Well, au revoir, and I hope you’ll find Bernanos interesting.
Yours Richard
1. Sir Richard Rees (1900–1970) had been an attaché at the British Embassy in Paris, 1922– 3, and Honorary Treasurer and Lecturer, London District of the Workers’ Educational Association, 1925–7. From October 1930 to 1937 he was editor of The Adelphi (1930–1932 with Max Plowman), and he introduced a more political and self-consciously literary tone to its pages. His generous nature is reflected in Ravelston of Keep the Aspidistra Flying. He gave much encouragement to Orwell in the thirties, was a partner to Orwell in his Jura farm, and he became, with Sonia Orwell, Orwell’s joint literary executor. He was a painter; among the books he wrote is George Orwell: Fugitive from the Camp of Victory (1961). He served in the defence of Madrid, initially with the Communist Party, becoming unwittingly embroiled in ‘the political business’.

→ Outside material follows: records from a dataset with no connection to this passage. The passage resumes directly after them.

lemma valid_action_stored_le:
  assumes "snd st \<subseteq> {..fst st}" and "(r, S, a) \<in> valid_actions n m st"
  shows "S \<subseteq> {..r}" and "a \<le> r" and "fst st \<le> r"
proof -
  from assms(2) have r: "fst st \<le> r" and S: "S \<subseteq> snd st \<union> {fst st<..r}" and a: "a \<in> S"
    by (auto simp: valid_actions_def)
  have "snd st \<union> {fst st<..r} \<subseteq> {..r}" using assms(1) r by auto
  with S show "S \<subseteq> {..r}" by (rule subset_trans)
  with a show "a \<le> r" by auto
  show "fst st \<le> r" by (fact r)
qed

lemma valid_hist_invariants:
  assumes "valid_hist n m h"
  shows "snd (hstate h) \<subseteq> {..fst (hstate h)} \<and> sorted (map fst h) \<and>
         (\<forall>e\<in>set h. fst e \<le> fst (hstate h) \<and> fst (snd (snd e)) \<le> fst e)"
  using assms
proof (induction h rule: rev_induct)
  case Nil
  then show ?case by (simp add: hstate_def)
next
  case (snoc e h)
  obtain r S a x where e: "e = (r, S, a, x)" by (cases e) auto
  from snoc.prems have "valid_hist n m h" and act: "(r, S, a) \<in> valid_actions n m (hstate h)"
    by (auto simp: valid_hist_snoc e entry_action_def)
  with snoc.IH have IH: "snd (hstate h) \<subseteq> {..fst (hstate h)}" "sorted (map fst h)"
    "\<forall>e\<in>set h. fst e \<le> fst (hstate h) \<and> fst (snd (snd e)) \<le> fst e" by auto
  have "S \<subseteq> {..r}" "a \<le> r" "fst (hstate h) \<le> r"
    using valid_action_stored_le[OF IH(1) act] by auto
  with IH show ?case by (auto simp: e sorted_append)
qed

lemma valid_hist_run:
  assumes "streaming_policy n m \<pi>" and "h \<in> set_pmf (run \<pi> \<mu> t)"
  shows "valid_hist n m h \<and> length h = t"
  using assms(2)
proof (induction t arbitrary: h)
  case 0
  then show ?case by simp
next
  case (Suc t)
  then obtain h0 r S a x where h0: "h0 \<in> set_pmf (run \<pi> \<mu> t)"
    and act: "(r, S, a) \<in> set_pmf (\<pi> h0)" and h: "h = h0 @ [(r, S, a, x)]"
    by (auto split: prod.splits)
  from Suc.IH[OF h0] have "valid_hist n m h0" "length h0 = t" by auto
  moreover from this assms(1) act have "(r, S, a) \<in> valid_actions n m (hstate h0)"
    by (auto simp: streaming_policy_def)
  ultimately show ?case by (simp add: h valid_hist_snoc entry_action_def)
qed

2. Georges Bernanos (1888–1948) was a polemical novelist whose passionate stance was expressed with subtlety. Les Grands Cimetières sous la Lune (1938; Englis
h title, Diary of My Times, 1938) fiercely condemns the atrocities committed in Mallorca by the Fascists and sanctioned by his, the Roman Catholic, Church. He is best remembered for his novel Journal d’un curé de campagne (1936; English title, Diary of a Country Priest, 1937), made into a prize-winning film by Robert Bresson (1950).